Task directions: Which lines below hold the word "that"? Report each one.

(Extracted data entries)
lemma orbit_cocycle_flow_conjugacy:
  fixes k l :: "(nat \<Rightarrow> nat) \<Rightarrow> nat"
  assumes hom: "homeomorphism (shift_space N A) (shift_space M B) h h'"
    and cont: "continuous_on (shift_space N A) k" "continuous_on (shift_space N A) l"
    and rel: "\<forall>x\<in>shift_space N A. (shift ^^ k x) (h (shift x)) = (shift ^^ l x) (h x)"
    and unit: "order_unit (shift_space N A) (\<lambda>x. int (l x) - int (k x))"
  shows "\<exists>l k b \<Phi>. susp_triplet (shift_space N A) l k b \<and>
       continuous_map (suspension (shift_space N A) l k b) (std_susp (shift_space M B)) \<Phi> \<and>
       (\<forall>t\<ge>0. \<forall>p\<in>topspace (suspension (shift_space N A) l k b).
          \<Phi> (susp_flow (shift_space N A) l k b t p) = std_flow (shift_space M B) t (\<Phi> p)) \<and>
       (\<forall>x\<in>shift_space N A. \<Phi> (susp_class (shift_space N A) l k b x (b x)) = std_base (shift_space M B) (h x))"
proof (intro exI conjI)
  let ?XA = "shift_space N A" and ?XB = "shift_space M B"
  let ?l = "\<lambda>x. real (l x)" and ?k = "\<lambda>x. real (k x)" and ?b = "\<lambda>_::nat \<Rightarrow> nat. 0 :: real"
  let ?H = "\<lambda>p. (h (fst p), snd p)"
  define \<Phi> where "\<Phi> P = std_rel ?XB `` (?H ` P)" for P
  have hX: "\<forall>x\<in>?XA. h x \<in> ?XB" and cont_h: "continuous_on ?XA h"
    using hom unfolding homeomorphism_def by auto
  have respects: "(?H p, ?H q) \<in> std_rel ?XB" if "(p, q) \<in> susp_rel ?XA ?l ?k ?b" for p q
    using orbit_cocycle_respects_susp_rel[OF hX rel that] .
  have \<Phi>_class: "\<Phi> (susp_class ?XA ?l ?k ?b x r) = std_class ?XB (h x) r"
    if "(x, r) \<in> susp_domain ?XA ?b" for x r
    unfolding \<Phi>_def susp_class_def
    using quotient_map_class[OF equiv_susp_rel equiv_susp_rel that respects] by simp
  show "susp_triplet ?XA ?l ?k ?b" by (rule susp_triplet_orbit_cocycle[OF cont unit])
  have "continuous_on (susp_domain ?XA ?b) (\<lambda>p. h (fst p))"
    by (rule continuous_on_compose2[OF cont_h continuous_on_fst[OF continuous_on_id]]) (auto simp: susp_domain_def)
  then have "continuous_on (susp_domain ?XA ?b) ?H"
    by (rule continuous_on_Pair[OF _ continuous_on_snd[OF continuous_on_id]])
  then show "continuous_map (suspension ?XA ?l ?k ?b) (std_susp ?XB) \<Phi>"
    unfolding suspension_def \<Phi>_def
    by (rule continuous_map_quotient_top[OF equiv_susp_rel equiv_susp_rel _ respects])
  show "\<forall>t\<ge>0. \<forall>P\<in>topspace (suspension ?XA ?l ?k ?b).
          \<Phi> (susp_flow ?XA ?l ?k ?b t P) = std_flow ?XB t (\<Phi> P)"
  proof (intro allI impI ballI)
    fix t :: real and P assume t: "0 \<le> t" and P: "P \<in> topspace (suspension ?XA ?l ?k ?b)"
    obtain x r where xr: "(x, r) \<in> susp_domain ?XA ?b" "P = susp_class ?XA ?l ?k ?b x r"
      using P by (rule topspace_suspensionE)
    then have "(x, r + t) \<in> susp_domain ?XA ?b" "(h x, r) \<in> susp_domain ?XB (\<lambda>_. 0)"
      using t hX by (auto simp: susp_domain_def)
    then show "\<Phi> (susp_flow ?XA ?l ?k ?b t P) = std_flow ?XB t (\<Phi> P)"
      using xr t by (simp add: susp_flow_class \<Phi>_class)
  qed
  show "\<forall>x\<in>?XA. \<Phi> (susp_class ?XA ?l ?k ?b x (?b x)) = std_base ?XB (h x)"
    by (auto simp: \<Phi>_class susp_domain_def)
qed

lemma cont_orbit_equiv_imp_flow_equiv:
  assumes "admissible_matrix N A" "admissible_matrix M B" "cont_orbit_equiv N A M B"
  shows "one_sided_flow_equiv N A M B"
proof -
  let ?XA = "shift_space N A" and ?XB = "shift_space M B"
  from assms(3) obtain h h' and k1 l1 k2 l2 :: "(nat \<Rightarrow> nat) \<Rightarrow> nat" where
    hom: "homeomorphism ?XA ?XB h h'" and
    cont: "continuous_on ?XA k1" "continuous_on ?XA l1" "continuous_on ?XB k2" "continuous_on ?XB l2" and
    rel1: "\<forall>x\<in>?XA. (shift ^^ k1 x) (h (shift x)) = (shift ^^ l1 x) (h x)" and
    rel2: "\<forall>y\<in>?XB. (shift ^^ k2 y) (h' (shift y)) = (shift ^^ l2 y) (h' y)"
    unfolding cont_orbit_equiv_def Let_def by (elim exE conjE) (rule that; assumption)
  have hom': "homeomorphism ?XB ?XA h' h" using hom by (rule homeomorphism_symD)
  interpret A: admissible_shift N A by unfold_locales (fact assms(1))
  interpret B: admissible_shift M B by unfold_locales (fact assms(2))
  have "order_unit ?XA (\<lambda>x. int (l1 x) - int (k1 x))"
    by (rule B.orbit_cocycle_order_unit[OF hom cont(1,2) rel1])
  from orbit_cocycle_flow_conjugacy[OF hom cont(1,2) rel1 this]
  obtain L1 K1 B1 \<Phi>1 where "susp_triplet ?XA L1 K1 B1"
    "continuous_map (suspension ?XA L1 K1 B1) (std_susp ?XB) \<Phi>1"
    "\<forall>t\<ge>0. \<forall>p\<in>topspace (suspension ?XA L1 K1 B1).
          \<Phi>1 (susp_flow ?XA L1 K1 B1 t p) = std_flow ?XB t (\<Phi>1 p)"
    "\<forall>x\<in>?XA. \<Phi>1 (susp_class ?XA L1 K1 B1 x (B1 x)) = std_base ?XB (h x)"
    by blast
  moreover have "order_unit ?XB (\<lambda>x. int (l2 x) - int (k2 x))"
    by (rule A.orbit_cocycle_order_unit[OF hom' cont(3,4) rel2])
  from orbit_cocycle_flow_conjugacy[OF hom' cont(3,4) rel2 this]
  obtain L2 K2 B2 \<Phi>2 where "susp_triplet ?XB L2 K2 B2"
    "continuous_map (suspension ?XB L2 K2 B2) (std_susp ?XA) \<Phi>2"
    "\<forall>t\<ge>0. \<forall>p\<in>topspace (suspension ?XB L2 K2 B2).
          \<Phi>2 (susp_flow ?XB L2 K2 B2 t p) = std_flow ?XA t (\<Phi>2 p)"
    "\<forall>y\<in>?XB. \<Phi>2 (susp_class ?XB L2 K2 B2 y (B2 y)) = std_base ?XA (h' y)"
    by blast
  ultimately show ?thesis
    using hom unfolding one_sided_flow_equiv_def Let_def by blast
qed

theorem theorem3p4:
  fixes N M :: nat and A B :: "nat \<Rightarrow> nat \<Rightarrow> nat"
  assumes "admissible_matrix N A" and "admissible_matrix M B"
  shows "one_sided_flow_equiv N A M B \<longleftrightarrow> cont_orbit_equiv N A M B"
  using flow_equiv_imp_cont_orbit_equiv cont_orbit_equiv_imp_flow_equiv[OF assms] by blast

end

The completed task:
    using orbit_cocycle_respects_susp_rel[OF hX rel that] .
    using quotient_map_class[OF equiv_susp_rel equiv_susp_rel that respects] by simp
    unfolding cont_orbit_equiv_def Let_def by (elim exE conjE) (rule that; assumption)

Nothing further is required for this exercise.